Materials and Methods

Overview and Study Population

This prospectively designed, cross-sectional, single-site observational clinical study was approved by an Institutional Review Board and was compliant with the Health Insurance Portability and Accountability Act (HIPAA). From August 2009 to October 2009, pediatric and adult subjects were recruited by physician referral from our hepatology and obesity clinics, and by self-referral in response to informational flyers posted at our institution. Enrollment eligibility criteria included a body mass index (BMI) greater than 30 kg/m2, age greater than eight years, and willingness to undergo research MRI. Exclusion criteria included contraindications for MRI, known claustrophobia, or pregnancy. Subjects who satisfied eligibility criteria were enrolled after providing written informed consent (adults) or written assent with parental consent (children). Age, gender, and body mass index (BMI) were recorded.
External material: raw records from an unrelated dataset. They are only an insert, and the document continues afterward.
lemma prob_space_rayleigh: "lam > 0 \<Longrightarrow> prob_space (rayleigh lam)"
  by (rule prob_spaceI)
    (simp add: emeasure_rayleigh_Int_pos[of UNIV] emeasure_rayleigh_greaterThan[of lam 0])

lemma measure_rayleigh_greaterThan:
  assumes lam: "lam > 0"
  shows "measure (rayleigh lam) {a<..} = (if a < 0 then 1 else exp (- (pi * lam * a^2)))"
proof (cases "a < 0")
  case True
  then have "{a<..} \<inter> {0<..} = {0::real<..}" by auto
  then show ?thesis using True emeasure_rayleigh_Int_pos[of "{a<..}" lam]
    emeasure_rayleigh_greaterThan[OF lam, of 0] by (simp add: measure_def)
qed (use emeasure_rayleigh_greaterThan[OF lam, of a] in \<open>simp add: measure_def\<close>)

lemma distr_nearest_dist:
  assumes ppp: "homogeneous_PPP M lam Phi" and lam: "lam > 0"
  shows "distr M borel (\<lambda>\<omega>. nearest_dist (Phi \<omega>)) = rayleigh lam"
proof -
  interpret prob_space M by (rule homogeneous_PPP_prob_space[OF ppp])
  interpret R: prob_space "rayleigh lam" by (rule prob_space_rayleigh[OF lam])
  let ?D = "\<lambda>\<omega>. nearest_dist (Phi \<omega>)"
  have D[measurable]: "?D \<in> borel_measurable M" by (rule measurable_nearest_dist[OF ppp])
  show ?thesis
  proof (rule cdf_unique)
    show "real_distribution (distr M borel ?D)" by simp
    show "real_distribution (rayleigh lam)"
      by (simp add: real_distribution_def real_distribution_axioms_def R.prob_space_axioms)
    show "cdf (distr M borel ?D) = cdf (rayleigh lam)"
    proof
      fix x
      have "cdf (distr M borel ?D) x = prob (?D -` {..x} \<inter> space M)"
        unfolding cdf_def by (simp add: measure_distr)
      also have "?D -` {..x} \<inter> space M = space M - {\<omega>\<in>space M. x < ?D \<omega>}"
        by auto
      also have "prob \<dots> = 1 - measure (rayleigh lam) {x<..}"
        by (subst prob_compl) (simp_all add: prob_greater_nearest_dist[OF ppp lam]
            measure_rayleigh_greaterThan[OF lam])
      also have "\<dots> = measure (rayleigh lam) (UNIV - {x<..})"
        using R.prob_compl[of "{x<..}"] by simp
      finally show "cdf (distr M borel ?D) x = cdf (rayleigh lam) x"
        by (simp add: cdf_def Compl_eq_Diff_UNIV[symmetric] not_less atMost_def)
    qed
  qed
qed

section \<open>Independence of the two nearest distances\<close>

text \<open>The upper half-lines generate the Borel sets and are closed under intersection, so
  independence of two real random variables reduces to the product rule for their tails.\<close>
lemma (in prob_space) indep_var_real_tailsI:
  fixes X Y :: "'a \<Rightarrow> real"
  assumes [measurable]: "X \<in> borel_measurable M" "Y \<in> borel_measurable M"
    and tails: "\<And>a b. prob ({\<omega>\<in>space M. a < X \<omega>} \<inter> {\<omega>\<in>space M. b < Y \<omega>}) =
      prob {\<omega>\<in>space M. a < X \<omega>} * prob {\<omega>\<in>space M. b < Y \<omega>}"
  shows "indep_var borel X borel Y"
proof -
  define G where "G Z = range (\<lambda>a. {\<omega>\<in>space M. a < Z \<omega>})" for Z :: "'a \<Rightarrow> real"
  have generated: "sigma_sets (space M) {Z -` A \<inter> space M |A. A \<in> sets borel} = sigma_sets (space M) (G Z)"
    if "Z \<in> borel_measurable M" for Z
  proof -
    have "sets (borel :: real measure) = sigma_sets UNIV (range greaterThan)"
      by (subst borel_Ioi) simp
    then have "{Z -` A \<inter> space M |A. A \<in> sets borel} =
        sigma_sets (space M) {Z -` A \<inter> space M |A. A \<in> range greaterThan}"
      by (simp add: sigma_sets_vimage_commute)
    also have "{Z -` A \<inter> space M |A. A \<in> range greaterThan} = G Z"
    proof -
      have "Z -` {a<..} \<inter> space M = {\<omega>\<in>space M. a < Z \<omega>}" for a by auto
      then show ?thesis unfolding G_def by blast
    qed
    finally show ?thesis
      by (simp only:) (rule sigma_sets_sigma_sets_eq, auto simp: G_def)
  qed
  have stable: "Int_stable (G Z)" for Z
  proof (rule Int_stableI)
    fix A B assume "A \<in> G Z" "B \<in> G Z"
    then obtain a b where "A = {\<omega>\<in>space M. a < Z \<omega>}" "B = {\<omega>\<in>space M. b < Z \<omega>}"
      by (auto simp: G_def)
    then show "A \<inter> B \<in> G Z" unfolding G_def by (intro image_eqI[where x="max a b"]) auto
  qed
  have "indep_set (G X) (G Y)"
    unfolding indep_sets2_eq G_def using tails by auto
  then have "indep_set (sigma_sets (space M) (G X)) (sigma_sets (space M) (G Y))"
    by (intro indep_set_sigma_sets) (auto simp: G_def stable[unfolded G_def])
  then show ?thesis
    unfolding indep_var_eq by (simp add: generated)
qed

lemma prob_void_event_Int:
  assumes "prob_space M" and indep: "indep_PP M Phi1 Phi2"
  shows "measure M (void_event M Phi1 r \<inter> void_event M Phi2 s) =
    measure M (void_event M Phi1 r) * measure M (void_event M Phi2 s)"
proof -
  interpret prob_space M by (rule assms(1))
  let ?K = "PiM {0::nat} (\<lambda>_. count_space (UNIV::nat set))"
  let ?N1 = "\<lambda>\<omega>. \<lambda>i\<in>{0::nat}. pcount (Phi1 \<omega>) (cball 0 r)"
  let ?N2 = "\<lambda>\<omega>. \<lambda>j\<in>{0::nat}. pcount (Phi2 \<omega>) (cball 0 s)"
  define C where "C = (\<lambda>f. f 0) -` {0::nat} \<inter> space ?K"
  have "indep_var ?K ?N1 ?K ?N2"
    using indep[unfolded indep_PP_def, rule_format, of "{0}" "{0}" "\<lambda>_. cball 0 r" "\<lambda>_. cball 0 s"]
    by simp
  moreover have "C \<in> sets ?K" unfolding C_def
    by (rule measurable_sets[OF measurable_component_singleton]) auto
  moreover have N1: "?N1 -` C \<inter> space M = void_event M Phi1 r"
    and N2: "?N2 -` C \<inter> space M = void_event M Phi2 s"
    by (auto simp: void_event_def C_def space_PiM PiE_def extensional_def)
  moreover have "(\<lambda>\<omega>. (?N1 \<omega>, ?N2 \<omega>)) -` (C \<times> C) \<inter> space M = void_event M Phi1 r \<inter> void_event M Phi2 s"
    using N1 N2 by blast
  ultimately show ?thesis
    using indep_varD[of ?K ?N1 ?K ?N2 C C] by (simp only:)
qed

lemma indep_var_nearest_dist:
  assumes ppp1: "homogeneous_PPP M lam1 Phi1" and ppp2: "homogeneous_PPP M lam2 Phi2"
    and indep: "indep_PP M Phi1 Phi2" and lam: "lam1 > 0" "lam2 > 0"
  shows "prob_space.indep_var M borel (\<lambda>\<omega>. nearest_dist (Phi1 \<omega>)) borel (\<lambda>\<omega>. nearest_dist (Phi2 \<omega>))"
proof -
  interpret prob_space M by (rule homogeneous_PPP_prob_space[OF ppp1])
  show ?thesis
  proof (rule indep_var_real_tailsI)
    fix a b
    let ?T1 = "{\<omega>\<in>space M. a < nearest_dist (Phi1 \<omega>)}" and ?T2 = "{\<omega>\<in>space M. b < nearest_dist (Phi2 \<omega>)}"
    show "prob (?T1 \<inter> ?T2) = prob ?T1 * prob ?T2"
    proof (cases "a < 0 \<or> b < 0")
      case True
      then have "?T1 = space M \<or> ?T2 = space M"
        using greater_nearest_dist_event[OF ppp1, of a] greater_nearest_dist_event[OF ppp2, of b] by auto
      then show ?thesis
        by (elim disjE) (simp_all add: prob_space Int_absorb1 Int_absorb2)
    next
      case False
      have "empty_event M Phi1 \<union> empty_event M Phi2 \<in> null_sets M"
        using empty_event_null[OF ppp1 lam(1)] empty_event_null[OF ppp2 lam(2)] by (rule null_sets.Un)
      then have "prob (void_event M Phi1 a \<inter> void_event M Phi2 b - (empty_event M Phi1 \<union> empty_event M Phi2)) =
          prob (void_event M Phi1 a \<inter> void_event M Phi2 b)"
        using sets_void_event[OF ppp1] sets_void_event[OF ppp2] by (intro measure_Diff_null_set) auto
      moreover have "?T1 \<inter> ?T2 =
          (void_event M Phi1 a \<inter> void_event M Phi2 b) - (empty_event M Phi1 \<union> empty_event M Phi2)"
        using False greater_nearest_dist_event[OF ppp1, of a] greater_nearest_dist_event[OF ppp2, of b]
        by auto
      ultimately have "prob (?T1 \<inter> ?T2) = prob (void_event M Phi1 a \<inter> void_event M Phi2 b)"
        by simp
      also have "\<dots> = prob (void_event M Phi1 a) * prob (void_event M Phi2 b)"
        by (rule prob_void_event_Int[OF prob_space_axioms indep])
      finally show ?thesis
        using False prob_greater_nearest_dist[OF ppp1 lam(1), of a] prob_greater_nearest_dist[OF ppp2 lam(2), of b]
          prob_void_event[OF ppp1, of a] prob_void_event[OF ppp2, of b] by simp
    qed
  qed (use measurable_nearest_dist[OF ppp1] measurable_nearest_dist[OF ppp2] in auto)
qed
lemma poly_op_coordinate_relation_trivial:
  fixes T :: "(nat \<Rightarrow> 'a::real_normed_field) \<Rightarrow> (nat \<Rightarrow> 'a)"
  assumes "klinear_op T" "continuous_on UNIV T" "no_fin_dim_dual_invariant T"
  shows "\<exists>D. \<forall>p c d. degree p \<ge> D \<longrightarrow>
           (\<forall>x. (\<Sum>j<N. c j * poly_op p T x j) = (\<Sum>j<N. d j * x j)) \<longrightarrow> (\<forall>j<N. c j = 0)"
proof -
  let ?E = "(\<lambda>j x. x j) ` {..<N}"
  interpret no_finite_invariant "\<lambda>c f x. c * f x" "dual_op T" dual_space ?E
    by (rule no_finite_invariant_dual_op[OF assms]) (auto intro: coordinate_dual_space)
  obtain D where D: "\<forall>p h. degree p \<ge> D \<longrightarrow> h \<in> functionals.span ?E \<longrightarrow>
      polyA p h \<in> functionals.span ?E \<longrightarrow> h = 0"
    using polyA_span_trivial by blast
  have "\<forall>j<N. c j = 0"
    if "degree p \<ge> D" and rel: "\<forall>x. (\<Sum>j<N. c j * poly_op p T x j) = (\<Sum>j<N. d j * x j)"
    for p c d
  proof -
    let ?h = "\<lambda>x. \<Sum>j<N. c j * x j"
    have "polyA p ?h = (\<lambda>x. \<Sum>i\<le>degree p. coeff p i * ?h ((T ^^ i) x))"
      unfolding polyA_def by (simp add: fun_eq_iff sum_fun_apply dual_op_funpow)
    also have "\<dots> = (\<lambda>x. \<Sum>j<N. c j * poly_op p T x j)"
      unfolding poly_op_def
      by (simp add: fun_eq_iff sum_distrib_left mult_ac sum.swap[of _ "{..<N}"])
    also have "\<dots> = (\<lambda>x. \<Sum>j<N. d j * x j)" using rel by simp
    finally have "polyA p ?h \<in> functionals.span ?E" using coordinate_combination_in_span by simp
    then have "?h = 0" using D that(1) coordinate_combination_in_span by blast
    then have "?h = (\<lambda>x. 0)" by (simp add: zero_fun_def)
    then show ?thesis using coordinate_combination_zero by blast
  qed
  then show ?thesis by blast
qed

locale linear_functionals =
  fixes Z :: "(nat \<Rightarrow> 'a::field) set" and \<phi> :: "nat \<Rightarrow> (nat \<Rightarrow> 'a) \<Rightarrow> 'a"
  assumes zero_Z: "(\<lambda>n. 0) \<in> Z"
    and add_Z: "\<And>x y. x \<in> Z \<Longrightarrow> y \<in> Z \<Longrightarrow> (\<lambda>n. x n + y n) \<in> Z"
    and scale_Z: "\<And>c x. x \<in> Z \<Longrightarrow> (\<lambda>n. c * x n) \<in> Z"
    and \<phi>_add: "\<And>j x y. x \<in> Z \<Longrightarrow> y \<in> Z \<Longrightarrow> \<phi> j (\<lambda>n. x n + y n) = \<phi> j x + \<phi> j y"
    and \<phi>_scale: "\<And>j c x. x \<in> Z \<Longrightarrow> \<phi> j (\<lambda>n. c * x n) = c * \<phi> j x"
begin

definition independent_upto :: "nat \<Rightarrow> bool" where
  "independent_upto m \<longleftrightarrow> (\<forall>c. (\<forall>z\<in>Z. (\<Sum>j<m. c j * \<phi> j z) = 0) \<longrightarrow> (\<forall>j<m. c j = 0))"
Magnetic Resonance Examinations

Each subject underwent three separate, consecutive MR examinations in a single day over the course of 75 to 90 minutes. For each MR examination, subjects were positioned supine and examined using an eight-channel torso phased-array receive coil at 3T (GE signal EXCITE HD, GE Medical Systems, Milwaukee, WI, USA). After each MR examination, subjects were removed from the scanner for about five to ten minutes. Subjects then were repositioned on the scanner table, the phased-array coil was reattached, and the next MRI examination performed.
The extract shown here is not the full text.